(Stored items)
(* Let $A\subset\mathbb{R}^n$ with $0\in\overline{A}$, and let $\phi:(\mathbb{R}^n,0)\to(\mathbb{R}^n,0)$ be a bi-Lipschitz homeomorphism with constants $0<K_1\le K_2$, i.e. $K_1|x_1-x_2|\le|\phi(x_1)-\phi(x_2)|\le K_2|x_1-x_2|$ near $0$. Then for $d>0$ and $K>0$, $$ST_d\Big(\phi(A);\frac{KK_1}{K_2^d}\Big)\subset\phi(ST_d(A;K))\subset ST_d\Big(\phi(A);\frac{KK_2}{K_1^d}\Big)$$ in a small neighbourhood of $0\in\mathbb{R}^n$.
   Context: Sea-tangle neighbourhood of degree $d>0$ and width $C>0$: $ST_d(X;C)=\{x\in\mathbb{R}^n : \mathrm{dist}(x,X)\le C|x|^d\}$. *)

theory Defs
  imports "HOL-Analysis.Analysis"
begin

definition sea_tangle :: "real \<Rightarrow> ('a::euclidean_space) set \<Rightarrow> real \<Rightarrow> 'a set" where
  "sea_tangle d X C = {x. infdist x X \<le> C * norm x powr d}"

end

theory Submission
  imports Defs
begin

text \<open>
  For a point \<open>x\<close> close to \<open>0\<close> the nearly nearest points of \<open>A\<close> are close to \<open>0\<close> as well
  (because \<open>0 \<in> closure A\<close>), so \<open>dist (\<phi> x) (\<phi> ` A) \<le> K2 dist(x, A)\<close>, while
  \<open>|x| \<le> |\<phi> x| / K1\<close>; together these give the right-hand inclusion. The left-hand one is the
  same argument for the inverse \<open>\<psi>\<close>, which by continuity at \<open>0\<close> maps a small ball into the
  ball where \<open>\<phi>\<close> is bi-Lipschitz, and is therefore bi-Lipschitz there with constants
  \<open>1/K2\<close> and \<open>1/K1\<close>.
\<close>

definition bilipschitz_on :: "real \<Rightarrow> real \<Rightarrow> 'a::metric_space set \<Rightarrow> ('a \<Rightarrow> 'b::metric_space) \<Rightarrow> bool"
  where "bilipschitz_on c L S f \<longleftrightarrow>
    L-lipschitz_on S f \<and> (\<forall>x\<in>S. \<forall>y\<in>S. c * dist x y \<le> dist (f x) (f y))"

lemma bilipschitz_onI:
  assumes "\<And>x y. x \<in> S \<Longrightarrow> y \<in> S \<Longrightarrow>
      c * dist x y \<le> dist (f x) (f y) \<and> dist (f x) (f y) \<le> L * dist x y"
    and "0 \<le> L"
  shows "bilipschitz_on c L S f"
  using assms by (auto simp: bilipschitz_on_def lipschitz_on_def)

lemma bilipschitz_onD:
  assumes "bilipschitz_on c L S f" "x \<in> S" "y \<in> S"
  shows "c * dist x y \<le> dist (f x) (f y)" and "dist (f x) (f y) \<le> L * dist x y"
  using assms by (auto simp: bilipschitz_on_def lipschitz_on_def)

lemma bilipschitz_on_inverse:
  assumes bilip: "bilipschitz_on c L T \<phi>" and inv: "\<And>y. y \<in> S \<Longrightarrow> \<psi> y \<in> T \<and> \<phi> (\<psi> y) = y"
    and "0 < c" "0 < L"
  shows "bilipschitz_on (1 / L) (1 / c) S \<psi>"
proof (rule bilipschitz_onI)
  fix y1 y2 assume "y1 \<in> S" "y2 \<in> S"
  then have "c * dist (\<psi> y1) (\<psi> y2) \<le> dist y1 y2" and "dist y1 y2 \<le> L * dist (\<psi> y1) (\<psi> y2)"
    using inv bilipschitz_onD[OF bilip, of "\<psi> y1" "\<psi> y2"] by metis+
  then show "1 / L * dist y1 y2 \<le> dist (\<psi> y1) (\<psi> y2) \<and> dist (\<psi> y1) (\<psi> y2) \<le> 1 / c * dist y1 y2"
    using \<open>0 < c\<close> \<open>0 < L\<close> by (simp add: field_simps)
qed (use \<open>0 < c\<close> in simp)

lemma infdist_image_le_lipschitz:
  fixes f :: "'a::metric_space \<Rightarrow> 'b::metric_space"
  assumes lip: "L-lipschitz_on S f" and ball: "ball x R \<subseteq> S" and near: "infdist x A < R"
  shows "infdist (f x) (f ` A) \<le> L * infdist x A"
proof (cases "A = {}")
  case True
  then show ?thesis by (simp add: infdist_def)
next
  case False
  have L: "0 \<le> L" using lip by (rule lipschitz_on_nonneg)
  have "x \<in> S" using ball near infdist_nonneg[of x A] by auto
  show ?thesis
  proof (rule field_le_epsilon)
    fix e :: real assume "0 < e"
    define \<eta> where "\<eta> = min (e / (L + 1)) (R - infdist x A)"
    have "0 < \<eta>" using \<open>0 < e\<close> L near by (simp add: \<eta>_def)
    then have "(INF a\<in>A. dist x a) < infdist x A + \<eta>" using infdist_notempty[OF False] by simp
    then obtain a where a: "a \<in> A" "dist x a < infdist x A + \<eta>"
      using cINF_less_iff[OF False bdd_below_image_dist[of x A]] by blast
    then have "a \<in> S" using ball by (auto simp: \<eta>_def)
    have "infdist (f x) (f ` A) \<le> dist (f x) (f a)" using a(1) by (simp add: infdist_le)
    also have "\<dots> \<le> L * dist x a" using lip \<open>x \<in> S\<close> \<open>a \<in> S\<close> by (rule lipschitz_onD)
    also have "\<dots> \<le> L * infdist x A + L * \<eta>"
      using a(2) L by (simp add: distrib_left[symmetric] mult_left_mono)
    also have "L * \<eta> \<le> L * (e / (L + 1))" using L by (intro mult_left_mono) (auto simp: \<eta>_def)
    also have "\<dots> \<le> e" using \<open>0 < e\<close> L by (simp add: field_simps)
    finally show "infdist (f x) (f ` A) \<le> L * infdist x A + e" by simp
  qed
qed

lemma infdist_le_norm:
  fixes x :: "'a::real_normed_vector"
  assumes "0 \<in> closure A"
  shows "infdist x A \<le> norm x"
proof -
  have "A \<noteq> {}" using assms by auto
  then have "infdist 0 A = 0" using assms in_closure_iff_infdist_zero[of A 0] by simp
  then show ?thesis using infdist_triangle[of x A 0] by simp
qed

lemma image_sea_tangle_subset:
  fixes f :: "'a::euclidean_space \<Rightarrow> 'b::euclidean_space"
  assumes "f 0 = 0" and bilip: "bilipschitz_on c L (ball 0 \<rho>) f" and "0 < c"
    and "0 \<in> closure A" and "0 \<le> d" and "0 \<le> K"
  shows "f ` (sea_tangle d A K \<inter> ball 0 (\<rho> / 2)) \<subseteq> sea_tangle d (f ` A) (K * L / c powr d)"
proof safe
  fix x assume "x \<in> sea_tangle d A K" and x: "x \<in> ball 0 (\<rho> / 2)"
  then have tangle: "infdist x A \<le> K * norm x powr d" by (simp add: sea_tangle_def)
  have lip: "L-lipschitz_on (ball 0 \<rho>) f" and "0 \<le> L"
    using bilip lipschitz_on_nonneg by (auto simp: bilipschitz_on_def)
  have "ball x (\<rho> / 2) \<subseteq> ball 0 \<rho>" using x by (simp add: ball_subset_ball_iff)
  moreover have "infdist x A < \<rho> / 2" using infdist_le_norm[OF \<open>0 \<in> closure A\<close>, of x] x by simp
  ultimately have "infdist (f x) (f ` A) \<le> L * infdist x A"
    by (rule infdist_image_le_lipschitz[OF lip])
  also have "\<dots> \<le> L * (K * norm x powr d)" using tangle \<open>0 \<le> L\<close> by (rule mult_left_mono)
  also have "\<dots> \<le> L * (K * (norm (f x) / c) powr d)"
  proof -
    have "x \<in> ball 0 \<rho>" "0 < \<rho>" using x norm_ge_zero[of x] unfolding mem_ball_0 by linarith+
    then have "c * norm x \<le> norm (f x)" using bilipschitz_onD(1)[OF bilip, of x 0] \<open>f 0 = 0\<close> by simp
    then have "norm x \<le> norm (f x) / c" using \<open>0 < c\<close> by (simp add: field_simps)
    then show ?thesis using \<open>0 \<le> L\<close> \<open>0 \<le> d\<close> \<open>0 \<le> K\<close> by (intro mult_left_mono powr_mono2) auto
  qed
  also have "\<dots> = K * L / c powr d * norm (f x) powr d" using \<open>0 < c\<close> by (simp add: powr_divide)
  finally show "f x \<in> sea_tangle d (f ` A) (K * L / c powr d)" by (simp add: sea_tangle_def)
qed

lemma homeomorphism_inverse_bilipschitz_near_0:
  fixes \<phi> :: "'a::real_normed_vector \<Rightarrow> 'b::real_normed_vector"
  assumes hom: "homeomorphism UNIV UNIV \<phi> \<psi>" and "\<phi> 0 = 0"
    and bilip: "bilipschitz_on c L (ball 0 r) \<phi>" and "0 < c" "0 < L"
    and "0 < \<rho>" "\<rho> \<le> r"
  obtains \<delta> where "0 < \<delta>" "\<psi> ` ball 0 \<delta> \<subseteq> ball 0 \<rho>"
    and "bilipschitz_on (1 / L) (1 / c) (ball 0 \<delta>) \<psi>"
proof -
  have \<psi>\<phi>: "\<And>x. \<psi> (\<phi> x) = x" and \<phi>\<psi>: "\<And>y. \<phi> (\<psi> y) = y" and "continuous_on UNIV \<psi>"
    using hom by (auto simp: homeomorphism_def)
  have "\<psi> 0 = 0" using \<psi>\<phi>[of 0] \<open>\<phi> 0 = 0\<close> by simp
  have "isCont \<psi> 0" using \<open>continuous_on UNIV \<psi>\<close> by (simp add: continuous_on_eq_continuous_at)
  then obtain \<delta> where "0 < \<delta>" and near: "\<psi> ` ball 0 \<delta> \<subseteq> ball 0 \<rho>"
    using \<open>0 < \<rho>\<close> \<open>\<psi> 0 = 0\<close> unfolding continuous_at_ball by metis
  have "\<psi> y \<in> ball 0 r \<and> \<phi> (\<psi> y) = y" if "y \<in> ball 0 \<delta>" for y
    using near that \<phi>\<psi> \<open>\<rho> \<le> r\<close> by fastforce
  with bilip have "bilipschitz_on (1 / L) (1 / c) (ball 0 \<delta>) \<psi>"
    using \<open>0 < c\<close> \<open>0 < L\<close> by (rule bilipschitz_on_inverse)
  with \<open>0 < \<delta>\<close> near show ?thesis by (rule that)
qed

theorem lemma4p4:
  fixes A :: "'a::euclidean_space set" and \<phi> \<psi> :: "'a \<Rightarrow> 'a"
    and K1 K2 d K r :: real
  assumes "0 \<in> closure A"
    and "homeomorphism UNIV UNIV \<phi> \<psi>"
    and "\<phi> 0 = 0"
    and "0 < K1" and "K1 \<le> K2"
    and "0 < r"
    and "\<And>x1 x2. x1 \<in> ball 0 r \<Longrightarrow> x2 \<in> ball 0 r \<Longrightarrow>
            K1 * norm (x1 - x2) \<le> norm (\<phi> x1 - \<phi> x2) \<and> norm (\<phi> x1 - \<phi> x2) \<le> K2 * norm (x1 - x2)"
    and "0 < d" and "0 < K"
  shows "\<exists>\<epsilon>>0.
           sea_tangle d (\<phi> ` A) (K * K1 / K2 powr d) \<inter> ball 0 \<epsilon> \<subseteq> \<phi> ` sea_tangle d A K \<and>
           \<phi> ` sea_tangle d A K \<inter> ball 0 \<epsilon> \<subseteq> sea_tangle d (\<phi> ` A) (K * K2 / K1 powr d)"
proof -
  have \<psi>\<phi>: "\<And>x. \<psi> (\<phi> x) = x" and \<phi>\<psi>: "\<And>y. \<phi> (\<psi> y) = y"
    and "continuous_on UNIV \<phi>"
    using assms(2) by (auto simp: homeomorphism_def)
  have "\<psi> 0 = 0" "0 < K2" using \<psi>\<phi>[of 0] assms(3-5) by auto
  have \<phi>_bilip: "bilipschitz_on K1 K2 (ball 0 r) \<phi>"
    using assms(7) \<open>0 < K2\<close> by (intro bilipschitz_onI) (auto simp: dist_norm)
  obtain \<delta> where "0 < \<delta>" and \<psi>_near: "\<psi> ` ball 0 \<delta> \<subseteq> ball 0 (r / 2)"
    and \<psi>_bilip: "bilipschitz_on (1 / K2) (1 / K1) (ball 0 \<delta>) \<psi>"
    using homeomorphism_inverse_bilipschitz_near_0[OF assms(2,3) \<phi>_bilip assms(4) \<open>0 < K2\<close>, of "r / 2"]
      \<open>0 < r\<close> by auto
  have "0 \<in> closure (\<phi> ` A)"
    using continuous_image_closure_subset[OF \<open>continuous_on UNIV \<phi>\<close>, of A] assms(1,3) by force
  have "\<psi> ` (sea_tangle d (\<phi> ` A) (K * K1 / K2 powr d) \<inter> ball 0 (\<delta> / 2))
      \<subseteq> sea_tangle d (\<psi> ` \<phi> ` A) (K * K1 / K2 powr d * (1 / K1) / (1 / K2) powr d)"
    by (rule image_sea_tangle_subset[OF \<open>\<psi> 0 = 0\<close> \<psi>_bilip])
      (use assms(4,8,9) \<open>0 < K2\<close> \<open>0 \<in> closure (\<phi> ` A)\<close> in simp_all)
  also have "\<dots> = sea_tangle d A K"
  proof -
    have "(1 / K2) powr d = 1 / K2 powr d" by (simp add: powr_divide)
    then show ?thesis using \<psi>\<phi> assms(4) \<open>0 < K2\<close> by (simp add: image_comp)
  qed
  finally have backward:
    "sea_tangle d (\<phi> ` A) (K * K1 / K2 powr d) \<inter> ball 0 (\<delta> / 2) \<subseteq> \<phi> ` sea_tangle d A K"
    using \<phi>\<psi> by (auto intro!: image_eqI)
  have "\<phi> ` (sea_tangle d A K \<inter> ball 0 (r / 2)) \<subseteq> sea_tangle d (\<phi> ` A) (K * K2 / K1 powr d)"
    by (rule image_sea_tangle_subset[OF assms(3) \<phi>_bilip]) (use assms(1,4,8,9) in simp_all)
  moreover have "\<phi> ` sea_tangle d A K \<inter> ball 0 (\<delta> / 2) \<subseteq> \<phi> ` (sea_tangle d A K \<inter> ball 0 (r / 2))"
  proof safe
    fix x assume "x \<in> sea_tangle d A K" "\<phi> x \<in> ball 0 (\<delta> / 2)"
    then have "\<psi> (\<phi> x) \<in> ball 0 (r / 2)" using \<psi>_near \<open>0 < \<delta>\<close> by (auto simp: image_subset_iff)
    then show "\<phi> x \<in> \<phi> ` (sea_tangle d A K \<inter> ball 0 (r / 2))"
      using \<open>x \<in> sea_tangle d A K\<close> \<psi>\<phi> by simp
  qed
  ultimately show ?thesis using backward \<open>0 < \<delta>\<close> by (intro exI[of _ "\<delta> / 2"]) auto
qed

end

Work instruction ▸ All lines in the records above that contain "ultimately" are to be reported.

Exercise result ▸
  ultimately have "infdist (f x) (f ` A) \<le> L * infdist x A"
  ultimately show ?thesis using backward \<open>0 < \<delta>\<close> by (intro exI[of _ "\<delta> / 2"]) auto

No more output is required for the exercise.